Note
Go to the end to download the full example code.
Numpy: Arrays and Matrices¶
NumPy is an extension to the Python programming language, adding support for large, multi-dimensional (numerical) arrays and matrices, along with a large library of high-level mathematical functions to operate on these arrays.

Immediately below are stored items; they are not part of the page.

lemma msum_sandwich_st:
  assumes pr: "lin_process n d \<rho> E" and "k \<le> n"
    and A: "\<And>i. i \<le> n \<Longrightarrow> finite (A i)" "\<And>i a. i \<le> n \<Longrightarrow> a \<in> A i \<Longrightarrow> L i a \<in> carrier_mat (d i) (d i)"
      "\<And>i. i \<le> n \<Longrightarrow> msum (d i) (A i) (L i) = 1\<^sub>m (d i)"
    and C: "\<And>i. i \<le> n \<Longrightarrow> finite (C i)" "\<And>i c. i \<le> n \<Longrightarrow> c \<in> C i \<Longrightarrow> R i c \<in> carrier_mat (d i) (d i)"
      "\<And>i. i \<le> n \<Longrightarrow> msum (d i) (C i) (R i) = 1\<^sub>m (d i)"
  shows "msum (d k) (PiE {..k} A) (\<lambda>a. msum (d k) (PiE {..k} C) (\<lambda>c.
           sandwich_st \<rho> E (\<lambda>i. L i (a i)) (\<lambda>i. R i (c i)) k)) = evolve_st \<rho> E k"
  using \<open>k \<le> n\<close>
proof (induction k)
  case 0
  have "msum (d 0) (A 0) (\<lambda>y. msum (d 0) (C 0) (\<lambda>z. L 0 y * \<rho> * R 0 z)) = \<rho>"
    using A C lin_process_carrier[OF pr] by (intro msum_sandwich_identity) auto
  then show ?case by (simp add: msum_PiE_singleton)
next
  case (Suc k)
  let ?D = "d (Suc k)" and ?S = "\<lambda>a c. sandwich_st \<rho> E (\<lambda>i. L i (a i)) (\<lambda>i. R i (c i)) k"
  have k: "k < n" using Suc.prems by simp
  note lin = lin_process_lin_map[OF pr k]
  have fin: "finite (PiE {..k} A)" "finite (PiE {..k} C)"
    using A(1) C(1) k by (auto intro!: finite_PiE)
  have S: "?S a c \<in> carrier_mat (d k) (d k)" if "a \<in> PiE {..k} A" and "c \<in> PiE {..k} C" for a c
    using that k by (intro sandwich_st_carrier[OF pr]) (auto intro: A(2) C(2))
  have upd: "sandwich_st \<rho> E (\<lambda>i. L i ((a(Suc k := y)) i)) (\<lambda>i. R i ((c(Suc k := z)) i)) k = ?S a c"
    for a c y z
    by (rule sandwich_st_cong) auto
  have notin: "Suc k \<notin> {..k}" by simp
  have "msum ?D (PiE {..Suc k} A) (\<lambda>a. msum ?D (PiE {..Suc k} C) (\<lambda>c.
          sandwich_st \<rho> E (\<lambda>i. L i (a i)) (\<lambda>i. R i (c i)) (Suc k)))
      = msum ?D (PiE {..k} A) (\<lambda>a. msum ?D (A (Suc k)) (\<lambda>y. msum ?D (PiE {..k} C) (\<lambda>c.
          msum ?D (C (Suc k)) (\<lambda>z. L (Suc k) y * E (Suc k) (?S a c) * R (Suc k) z))))"
    by (simp only: atMost_Suc msum_PiE_insert[OF notin] sandwich_st.simps fun_upd_same upd)
  also have "\<dots> = msum ?D (PiE {..k} A) (\<lambda>a. msum ?D (PiE {..k} C) (\<lambda>c. msum ?D (A (Suc k)) (\<lambda>y.
          msum ?D (C (Suc k)) (\<lambda>z. L (Suc k) y * E (Suc k) (?S a c) * R (Suc k) z))))"
    by (intro msum_cong) (rule msum_swap)
  also have "\<dots> = msum ?D (PiE {..k} A) (\<lambda>a. msum ?D (PiE {..k} C) (\<lambda>c. E (Suc k) (?S a c)))"
    using A C Suc.prems S by (intro msum_cong msum_sandwich_identity lin_map_carrier[OF lin]) auto
  also have "\<dots> = E (Suc k) (msum (d k) (PiE {..k} A) (\<lambda>a. msum (d k) (PiE {..k} C) (?S a)))"
    using S fin by (simp add: lin_map_msum[OF lin] cong: msum_cong)
  also have "\<dots> = evolve_st \<rho> E (Suc k)"
    using Suc.IH k by simp
  finally show ?case .
qed
(* For every $i\in\{0,\ldots,k-n\}$, the cone $C_i\subseteq\mathcal{F}_{n+1,2d}$ is closed (with respect to the Euclidean topology on the finite-dimensional real vector space $\mathcal{F}_{n+1,2d}$).
   Context: Let $n,d\geq 1$ be integers. $\mathcal{F}_{n+1,l}$ denotes the real vector space of real forms (homogeneous polynomials) of degree $l$ in the variables $X=(X_0,\ldots,X_n)$. Let $k=k(n,d):=\binom{n+d}{n}-1$, so $\dim\mathcal{F}_{n+1,d}=k+1$. Order the set $I_{n+1,d}:=\{\alpha\in\mathbb{N}_0^{n+1}: |\alpha|=d\}$ lexicographically in decreasing order as $\alpha_0,\ldots,\alpha_k$ (so $\alpha_0=(d,0,\ldots,0)$ and $\alpha_k=(0,\ldots,0,d)$), and set $m_j(X):=X^{\alpha_j}$ for $j=0,\ldots,k$. For a real symmetric matrix $A\in\mathrm{Sym}_{k+1}(\mathbb{R})$ let $q_A(Z):=ZAZ^t$ be the associated quadratic form in $Z=(Z_0,\ldots,Z_k)$, and let the Gram map $\mathcal{G}:\mathrm{Sym}_{k+1}(\mathbb{R})\to\mathcal{F}_{n+1,2d}$ be $\mathcal{G}(A):=q_A(m_0(X),\ldots,m_k(X))$. For $i\in\{0,\ldots,k-n\}$ let $H_i:=\{[z]\in\mathbb{P}^k(\mathbb{C}) : \exists x\in\mathbb{C}^{n+1}\text{ with }(z_0,\ldots,z_{n+i})=(m_0(x),\ldots,m_{n+i}(x))\}$, let $V_i$ be the Zariski closure of $H_i$ in $\mathbb{P}^k$, and let $V_i(\mathbb{R})$ denote its set of real points. Define the convex cone $C_i:=\{f\in\mathcal{F}_{n+1,2d} : \exists A\in\mathcal{G}^{-1}(f)\text{ such that } q_A(z)\geq 0 \text{ for all } [z]\in V_i(\mathbb{R})\}$ (the sign of $q_A(z)$ is independent of the representative $z$). *)

theory Defs
  imports "HOL-Analysis.Analysis" "HOL-Library.List_Lexorder"
begin
(* Let $H=L^2(\lambda_{(0,1)};\mathbb R)$ with inner product $\langle\cdot,\cdot\rangle_H$ and norm $\|\cdot\|_H$; let $\beta\in(\tfrac18,\tfrac12)$, $T,\eta\in(0,\infty)$, $\kappa\in\mathbb R$, $\varrho\in(\tfrac1{16},\tfrac\beta2)$, $\chi\in(0,\tfrac\varrho2-\tfrac1{32}]$; let $e_0\equiv1$, $e_n(x)=\sqrt2\cos(2n\pi x)$, $e_{-n}(x)=\sqrt2\sin(2n\pi x)$ ($n\in\mathbb N$); let $\lambda_k=16k^4\pi^4-4k^2\pi^2+\eta$ ($k\in\mathbb Z$); let $(b_k),(\tilde b_k)\subseteq\mathbb R$ with $\sum_{m\in\mathbb Z}(|b_m|^2+|\tilde b_m|^2)|m|^{4\beta-4}<\infty$; let $A$ be given by $D(A)=\{v\in H\colon\sum_k|\lambda_k\langle e_k,v\rangle_H|^2<\infty\}$, $Av=\sum_k-\lambda_k\langle e_k,v\rangle_He_k$, with interpolation spaces $(H_r)_{r\in\mathbb R}$ associated to $-A$; let $\xi\in H_{1/4}$; let $(\Omega,\mathcal F,\mathbb P)$ be a probability space with normal filtration $(\mathcal F_t)_{t\in[0,T]}$ and $\mathrm{Id}_H$-cylindrical Wiener process $(W_t)_{t\in[0,T]}$; let $F\colon H_{1/16}\to H_{-1/4}$, $F(v)=\eta v-\tfrac\kappa2(v^2)'$; let $B\colon H\to H_{-1}$, $Bv=\sum_k(b_k\langle e_k,v\rangle_H+\tilde b_k\langle e_{-k},v\rangle_H)e_k$; let $(h_n)\subseteq(0,\infty)$ with $\limsup h_n=0$; let $P_nv=\sum_{k=-n}^n\langle e_k,v\rangle_He_k$; and let $\mathcal X^n,\mathcal O^n\colon[0,T]\times\Omega\to P_n(H)$ be stochastic processes with $\mathcal O^n_t=\int_0^tP_ne^{(t-s)A}B\,dW_s$ $\mathbb P$-a.s. and $\mathbb P\big(\mathcal X^n_t=P_ne^{tA}\xi+\int_0^tP_ne^{(t-s)A}\mathbb 1_{\{\|\mathcal X^n_{\lfloor s\rfloor_{h_n}}\|_{H_\varrho}+\|\mathcal O^n_{\lfloor s\rfloor_{h_n}}+P_ne^{\lfloor s\rfloor_{h_n}A}\xi\|_{H_\varrho}\le|h_n|^{-\chi}\}}F(\mathcal X^n_{\lfloor s\rfloor_{h_n}})\,ds+\mathcal O^n_t\big)=1$ for all $n,t$. Let $p\in[2,\infty)$, $n\in\mathbb N$, $\varepsilon\in[0,\tfrac\beta2-\varrho)$, and let $O\colon[0,T]\times\Omega\to H_\varrho$ be a stochastic process such that for all $t\in[0,T]$ it holds $\mathbb P$-a.s. that $O_t=\int_0^te^{(t-s)A}B\,dW_s$. Then $$\sup_{t\in[0,T]}\|O_t-\mathcal O^n_t\|_{\mathcal L^p(\mathbb P;H_\varrho)}\le\Big[\frac{p(p-1)T^{\beta-2\varrho-2\varepsilon}}{2(\beta-2\varrho-2\varepsilon)}\Big]^{1/2}\|B\|_{HS(H,H_{(\beta-1)/2})}\,n^{-4\varepsilon}.$$
   Context: $\lambda_{(0,1)}$ is Lebesgue measure on $(0,1)$. $(-A)^rv=\sum_k\lambda_k^r\langle e_k,v\rangle_He_k$; for $r\ge0$, $H_r=\{v\in H\colon\sum_k\lambda_k^{2r}|\langle e_k,v\rangle_H|^2<\infty\}$ with $\|v\|_{H_r}=\|(-A)^rv\|_H$; for $r<0$, $H_r$ is the completion of $H$ under $\|(-A)^r\cdot\|_H$. $e^{tA}v=\sum_ke^{-\lambda_kt}\langle e_k,v\rangle_He_k$. $HS(H,H_r)$ denotes the space of Hilbert–Schmidt operators from $H$ to $H_r$ with its norm. $\|Z\|_{\mathcal L^p(\mathbb P;H_\varrho)}=(\mathbb E\|Z\|_{H_\varrho}^p)^{1/p}$. $\lfloor t\rfloor_h=\max((-\infty,t]\cap\{0,h,-h,2h,-2h,\dots\})$. *)

theory Defs
  imports "HOL-Probability.Probability"
begin

text \<open>Elements of H are represented by real functions on the reals, regarded on (0,1).\<close>

definition ebasis :: "int \<Rightarrow> real \<Rightarrow> real" where
  "ebasis k x = (if k = 0 then 1
     else if k > 0 then sqrt 2 * cos (2 * real_of_int k * pi * x)
     else sqrt 2 * sin (2 * real_of_int (- k) * pi * x))"

definition inH :: "(real \<Rightarrow> real) \<Rightarrow> bool" where
  "inH v \<longleftrightarrow> set_borel_measurable lborel {0<..<1} v \<and>
              set_integrable lborel {0<..<1} (\<lambda>x. (v x)\<^sup>2)"

definition coef :: "int \<Rightarrow> (real \<Rightarrow> real) \<Rightarrow> real" where
  "coef k v = (LINT x:{0<..<1}|lborel. ebasis k x * v x)"

definition lam :: "real \<Rightarrow> int \<Rightarrow> real" where
  "lam \<eta> k = 16 * (real_of_int k)^4 * pi^4 - 4 * (real_of_int k)^2 * pi^2 + \<eta>"

definition inHr :: "real \<Rightarrow> real \<Rightarrow> (real \<Rightarrow> real) \<Rightarrow> bool" where
  "inHr \<eta> r v \<longleftrightarrow> inH v \<and> (\<lambda>k. lam \<eta> k powr (2*r) * (coef k v)\<^sup>2) summable_on UNIV"

definition Hr_norm :: "real \<Rightarrow> real \<Rightarrow> (real \<Rightarrow> real) \<Rightarrow> real" where
  "Hr_norm \<eta> r v = sqrt (\<Sum>\<^sub>\<infinity>k. lam \<eta> k powr (2*r) * (coef k v)\<^sup>2)"

definition inPnH :: "nat \<Rightarrow> (real \<Rightarrow> real) \<Rightarrow> bool" where
  "inPnH n v \<longleftrightarrow> inH v \<and> (\<forall>k. \<bar>k\<bar> > int n \<longrightarrow> coef k v = 0)"

definition Pn_semigroup :: "real \<Rightarrow> nat \<Rightarrow> real \<Rightarrow> (real \<Rightarrow> real) \<Rightarrow> real \<Rightarrow> real" where
  "Pn_semigroup \<eta> n t v x = (\<Sum>k\<in>{- int n..int n}. exp (- lam \<eta> k * t) * coef k v * ebasis k x)"

text \<open>Matrix coefficients \<open>\<langle>e_k, B e_j\<rangle>_H\<close> of B.\<close>
definition Bmat :: "(int \<Rightarrow> real) \<Rightarrow> (int \<Rightarrow> real) \<Rightarrow> int \<Rightarrow> int \<Rightarrow> real" where
  "Bmat b bt k j = (if j = k then b k else 0) + (if j = - k then bt k else 0)"

definition HS_norm_B :: "real \<Rightarrow> real \<Rightarrow> (int \<Rightarrow> real) \<Rightarrow> (int \<Rightarrow> real) \<Rightarrow> real" where
  "HS_norm_B \<eta> r b bt =
     sqrt (\<Sum>\<^sub>\<infinity>j. (\<Sum>\<^sub>\<infinity>k. lam \<eta> k powr (2*r) * (Bmat b bt k j)\<^sup>2))"

text \<open>Coefficient \<open>\<langle>e_k, F(v)\<rangle>\<close> of \<open>F(v) = \<eta> v - (\<kappa>/2)(v^2)'\<close>, the derivative
  taken in the (periodic) distributional sense:
  \<open>\<langle>e_k,(v^2)'\<rangle> = - \<integral> e_k' v^2\<close>.\<close>
definition F_coef :: "real \<Rightarrow> real \<Rightarrow> int \<Rightarrow> (real \<Rightarrow> real) \<Rightarrow> real" where
  "F_coef \<eta> \<kappa> k v = \<eta> * coef k v
      - (\<kappa> / 2) * (- (LINT x:{0<..<1}|lborel. deriv (ebasis k) x * (v x)\<^sup>2))"

definition grid_floor :: "real \<Rightarrow> real \<Rightarrow> real" where
  "grid_floor h t = Sup {s. s \<le> t \<and> (\<exists>z::int. s = real_of_int z * h)}"

definition normal_filtration :: "'a measure \<Rightarrow> real \<Rightarrow> (real \<Rightarrow> 'a set set) \<Rightarrow> bool" where
  "normal_filtration M T F \<longleftrightarrow>
     (\<forall>t\<in>{0..T}. sigma_algebra (space M) (F t) \<and> F t \<subseteq> sets M \<and> null_sets M \<subseteq> F t) \<and>
     (\<forall>s\<in>{0..T}. \<forall>t\<in>{0..T}. s \<le> t \<longrightarrow> F s \<subseteq> F t) \<and>
     (\<forall>t\<in>{0..<T}. F t = (\<Inter>u\<in>{t<..T}. F u))"

text \<open>An \<open>Id_H\<close>-cylindrical \<open>(F_t)\<close>-Wiener process on [0,T], represented through its
  coordinates \<open>\<beta>_j(t) = \<langle>e_j, W_t\<rangle>\<close> with respect to the ONB \<open>(e_j)_{j\<in>\<int>}\<close>:
  a family of independent standard \<open>(F_t)\<close>-Brownian motions.\<close>
definition cyl_wiener :: "'a measure \<Rightarrow> real \<Rightarrow> (real \<Rightarrow> 'a set set)
    \<Rightarrow> (int \<Rightarrow> real \<Rightarrow> 'a \<Rightarrow> real) \<Rightarrow> bool" where
  "cyl_wiener M T F \<beta> \<longleftrightarrow>
     (\<forall>j. \<forall>\<omega>\<in>space M. \<beta> j 0 \<omega> = 0 \<and> continuous_on {0..T} (\<lambda>t. \<beta> j t \<omega>)) \<and>
     (\<forall>j. \<forall>t\<in>{0..T}. \<beta> j t \<in> measurable (measure_of (space M) (F t) (\<lambda>_. 0)) borel) \<and>
     (\<forall>j. \<forall>s\<in>{0..T}. \<forall>t\<in>{0..T}. s < t \<longrightarrow>
         distributed M lborel (\<lambda>\<omega>. \<beta> j t \<omega> - \<beta> j s \<omega>) (normal_density 0 (sqrt (t - s)))) \<and>
     (\<forall>s\<in>{0..T}. \<forall>t\<in>{0..T}. s < t \<longrightarrow>
         prob_space.indep_sets M
           (\<lambda>i. case i of None \<Rightarrow> F s
                 | Some j \<Rightarrow> {(\<lambda>\<omega>. \<beta> j t \<omega> - \<beta> j s \<omega>) -` A \<inter> space M | A. A \<in> sets borel})
           UNIV)"

text \<open>Riemann sums (left endpoints, uniform partition of [0,t] into N pieces,
  coordinates \<open>|j| \<le> m\<close> of the noise) for the k-th coordinate of
  \<open>\<integral>_0^t \<Phi>(s) dW_s\<close>, where \<open>phi s j = \<langle>e_k, \<Phi>(s) e_j\<rangle>\<close>.\<close>
definition riemann_sum :: "(int \<Rightarrow> real \<Rightarrow> 'a \<Rightarrow> real) \<Rightarrow> (real \<Rightarrow> int \<Rightarrow> real)
    \<Rightarrow> real \<Rightarrow> nat \<Rightarrow> nat \<Rightarrow> 'a \<Rightarrow> real" where
  "riemann_sum \<beta> phi t N m \<omega> =
     (\<Sum>i<N. \<Sum>j\<in>{- int m..int m}.
        phi (real i * t / real N) j *
          (\<beta> j (real (Suc i) * t / real N) \<omega> - \<beta> j (real i * t / real N) \<omega>))"

text \<open>Z is (a version of) the k-th coordinate of the stochastic integral
  \<open>\<integral>_0^t \<Phi>(s) dW_s\<close> (deterministic integrand): the L^2(P)-limit of the Riemann sums.\<close>
definition is_stoch_int_coord :: "'a measure \<Rightarrow> (int \<Rightarrow> real \<Rightarrow> 'a \<Rightarrow> real)
    \<Rightarrow> (real \<Rightarrow> int \<Rightarrow> real) \<Rightarrow> real \<Rightarrow> ('a \<Rightarrow> real) \<Rightarrow> bool" where
  "is_stoch_int_coord M \<beta> phi t Z \<longleftrightarrow>
     Z \<in> borel_measurable M \<and>
     (\<forall>N m. integrable M (\<lambda>\<omega>. (Z \<omega> - riemann_sum \<beta> phi t N m \<omega>)\<^sup>2)) \<and>
     ((\<lambda>(N, m). LINT \<omega>|M. (Z \<omega> - riemann_sum \<beta> phi t N m \<omega>)\<^sup>2) \<longlongrightarrow> 0)
        (sequentially \<times>\<^sub>F sequentially)"

definition Lp_norm :: "'a measure \<Rightarrow> real \<Rightarrow> real \<Rightarrow> real \<Rightarrow> ('a \<Rightarrow> real \<Rightarrow> real) \<Rightarrow> ennreal" where
  "Lp_norm M p \<eta> r Z =
     (let I = (\<integral>\<^sup>+ \<omega>. ennreal (Hr_norm \<eta> r (Z \<omega>) powr p) \<partial>M)
      in if I = \<infinity> then \<infinity> else ennreal (enn2real I powr (1 / p)))"

end

(*
  For |k| > n the k-th coordinate of O_t - O^n_t is a Wiener integral with deterministic
  integrand; all other coordinates vanish.  Its Riemann sums are centred Gaussian, being
  sums of independent Brownian increments, so their p-th moments are bounded by
  (p(p-1)/2)^(p/2) times the p/2-th power of their variance, and Fatou's lemma carries this
  bound to the limit, with variance at most
  V_k = (b_k^2 + bt_k^2) (1 - exp (-2 lambda_k t)) / (2 lambda_k).
  Minkowski's inequality in L^(p/2) then gives
  |O_t - O^n_t|_{L^p(P; H_rho)}^2 <= p(p-1)/2 * sum_{|k|>n} lambda_k^(2 rho) V_k,
  and for |k| > n one has lambda_k >= n^4 and
  lambda_k^(2 rho) V_k <= n^(-8 eps) T^gamma / gamma * (b_k^2 + bt_k^2) lambda_k^(beta-1)
  with gamma = beta - 2 rho - 2 eps; the last factor sums to the squared Hilbert-Schmidt
  norm of B.
*)
theory Submission
  imports Defs
begin

section \<open>Absolute moments of Gaussian variables\<close>

definition normal_even_moment :: "nat \<Rightarrow> real" where
  "normal_even_moment m = fact (2*m) / (2^m * fact m)"

lemma normal_even_moment_Suc: "normal_even_moment (Suc m) = (2*real m + 1) * normal_even_moment m"
proof -
  have "fact (2 * Suc m) = (fact (2*m) :: real) * (2*real m + 1) * (2*(real m + 1))"
    by (simp add: algebra_simps)
  moreover have "fact (Suc m) = (real m + 1) * (fact m :: real)"
    by simp
  moreover have "(0::real) < fact m"
    by simp
  ultimately show ?thesis
    unfolding normal_even_moment_def by (simp add: divide_simps)
qed

lemma normal_even_moment_ge_1: "normal_even_moment m \<ge> 1"
proof (induction m)
  case (Suc m)
  then show ?case
    using mult_mono[of 1 "2*real m + 1" 1 "normal_even_moment m"] by (simp add: normal_even_moment_Suc)
qed (simp add: normal_even_moment_def)

lemma normal_even_moment_le: "m \<ge> 1 \<Longrightarrow> normal_even_moment m \<le> (2*real m - 1)^(m-1)"
proof (induction m rule: nat_induct_at_least)
  case base
  then show ?case by (simp add: normal_even_moment_def)
next
  case (Suc m)
  have "normal_even_moment (Suc m) \<le> (2*real m + 1) * (2*real m - 1)^(m-1)"
    using Suc by (simp add: normal_even_moment_Suc)
  also have "\<dots> \<le> (2*real m + 1) * (2*real m + 1)^(m-1)"
    using Suc by (intro mult_left_mono power_mono) auto
  also have "\<dots> = (2*real (Suc m) - 1)^(Suc m - 1)"
    using Suc by (cases m) (auto simp: algebra_simps)
  finally show ?case .
qed

lemma normal_even_moment_le_powr:
  assumes m: "m \<ge> 1" and x: "2*real m - 1 \<le> x" and r: "real m - 1 \<le> r"
  shows "normal_even_moment m \<le> x powr r"
proof -
  have x1: "x \<ge> 1"
    using m x by linarith
  have "normal_even_moment m \<le> (2*real m - 1)^(m-1)"
    using normal_even_moment_le m by simp
  also have "\<dots> \<le> x^(m-1)"
    using m x by (intro power_mono) auto
  also have "\<dots> = x powr (real (m-1))"
    using x1 by (simp add: powr_realpow)
  also have "\<dots> \<le> x powr r"
    using x1 m r by (intro powr_mono) auto
  finally show ?thesis .
qed

lemma has_bochner_integral_normal_even_moment:
  assumes "\<sigma> > 0"
  shows "has_bochner_integral lborel (\<lambda>x. normal_density 0 \<sigma> x * x^(2*m)) (normal_even_moment m * \<sigma>^(2*m))"
proof -
  have "(\<sigma>\<^sup>2)^m = \<sigma>^(2*m)"
    by (simp add: power_mult)
  then have "fact (2 * m) / ((2 / \<sigma>\<^sup>2)^m * fact m) = normal_even_moment m * \<sigma>^(2*m)"
    unfolding normal_even_moment_def by (simp add: power_divide field_simps)
  then show ?thesis
    using normal_moment_even[where \<mu>=0 and \<sigma>=\<sigma> and k=m] assms by simp
qed

lemma power2_powr_half: "((x::real)^2) powr (r/2) = \<bar>x\<bar> powr r"
  using powr_powr[of "x^2" "1/2" r] by simp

Numpy functions are executed by compiled in C or Fortran libraries, providing the performance of compiled languages.
Sources: Kevin Markham
Computation time:
import numpy as np
import time
start_time = time.time()
l = [v for v in range(10 ** 8)]
s = 0
for v in l: s += v
print("Python code, time ellapsed: %.2fs" % (time.time() - start_time))
start_time = time.time()
arr = np.arange(10 ** 8)
arr.sum()
print("Numpy code, time ellapsed: %.2fs" % (time.time() - start_time))
Python code, time ellapsed: 6.13s
Numpy code, time ellapsed: 0.23s
Create arrays¶
Create ndarrays from lists. note: every element must be the same type (will be converted if possible)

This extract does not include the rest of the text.